What is needed is an exact copy of the line that contains "then show thesis using that[OF" and of all later lines to the end of the records below, with no other lines.

───── Records supplied ─────

section \<open>Chemical trees of maximum M2\<close>

lemma tree_card_le_if_no_degree_two:
  assumes tree: "is_tree V E" and "\<forall>v\<in>V. deg E v \<le> 3" "\<forall>v\<in>V. deg E v \<noteq> 2"
  shows "card V \<le> 2 * card (branching_vertices V E) + 2"
proof -
  let ?B = "branching_vertices V E"
  have simple: "simple_graph V E" and "V \<noteq> {}" and card_E: "card E = card V - 1"
    using tree by (auto simp: is_tree_def)
  have fin: "finite V" "?B \<subseteq> V" using simple by (auto simp: simple_graph_def branching_vertices_def)
  have "2 * (card V - 1) = (\<Sum>v\<in>V. deg E v)"
    using sum_deg_eq_twice_card_edges[OF simple] card_E by simp
  also have "\<dots> \<le> (\<Sum>v\<in>V. if v \<in> ?B then 3 else 1)"
    using assms(2,3) by (intro sum_mono) (fastforce simp: branching_vertices_def)
  also have "\<dots> = 3 * card ?B + (card V - card ?B)"
    using fin by (simp add: sum.If_cases Int_absorb1 card_Diff_subset Diff_eq[symmetric] finite_subset)
  finally show ?thesis using \<open>V \<noteq> {}\<close> fin card_mono[OF fin] by (simp add: card_gt_0_iff)
qed

text \<open>A crossing edge out of the set of degree-2 vertices, enlarged by the leaves hanging at
  them, necessarily joins a degree-2 vertex to a degree-3 vertex.\<close>

lemma connected_graph_edge_degree_two_three:
  assumes simple: "simple_graph V E" and connected: "connected_graph V E"
    and "\<forall>v\<in>V. deg E v \<le> 3" "w \<in> V" "deg E w = 2" "u \<in> V" "deg E u = 3"
  obtains x y where "{x, y} \<in> E" "deg E x = 2" "deg E y = 3"
proof -
  define X where "X = {v\<in>V. deg E v = 2 \<or> (deg E v \<le> 1 \<and> (\<exists>z. {v, z} \<in> E \<and> deg E z = 2))}"
  have "w \<in> X" "u \<notin> X" using assms(4-7) by (auto simp: X_def)
  then obtain x y where xy: "{x, y} \<in> E" "x \<in> X" "y \<notin> X"
    using connected_graph_crossing_edge[OF connected assms(4,6)] by blast
  have "y \<in> V" using simple_graph_edge_in[OF simple xy(1)] by simp
  show thesis
  proof (cases "deg E x = 2")
    case True
    then have "deg E y \<noteq> 2" "\<not> deg E y \<le> 1" using xy \<open>y \<in> V\<close> by (auto simp: X_def insert_commute)
    then show thesis using that[OF xy(1) True] assms(3) \<open>y \<in> V\<close> by fastforce
  next
    case False
    then obtain z where z: "deg E x \<le> 1" "{x, z} \<in> E" "deg E z = 2" using xy(2) by (auto simp: X_def)
    have "finite {e\<in>E. x \<in> e}" using simple_graph_finite_edges[OF simple] by simp
    moreover have "{x, y} \<in> {e\<in>E. x \<in> e}" "{x, z} \<in> {e\<in>E. x \<in> e}" using xy(1) z(2) by auto
    ultimately have "{x, y} = {x, z}" using z(1) card_le_Suc0_iff_eq unfolding deg_def by (metis One_nat_def)
    then have "y = z" using simple_graph_edge_neq[OF simple xy(1)] by (auto simp: doubleton_eq_iff)
    then show thesis using xy(3) z(3) \<open>y \<in> V\<close> by (simp add: X_def)
  qed
qed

─────

§ Exercise output
    then show thesis using that[OF xy(1) True] assms(3) \<open>y \<in> V\<close> by fastforce
  next
    case False
    then obtain z where z: "deg E x \<le> 1" "{x, z} \<in> E" "deg E z = 2" using xy(2) by (auto simp: X_def)
    have "finite {e\<in>E. x \<in> e}" using simple_graph_finite_edges[OF simple] by simp
    moreover have "{x, y} \<in> {e\<in>E. x \<in> e}" "{x, z} \<in> {e\<in>E. x \<in> e}" using xy(1) z(2) by auto
    ultimately have "{x, y} = {x, z}" using z(1) card_le_Suc0_iff_eq unfolding deg_def by (metis One_nat_def)
    then have "y = z" using simple_graph_edge_neq[OF simple xy(1)] by (auto simp: doubleton_eq_iff)
    then show thesis using xy(3) z(3) \<open>y \<in> V\<close> by (simp add: X_def)
  qed
qed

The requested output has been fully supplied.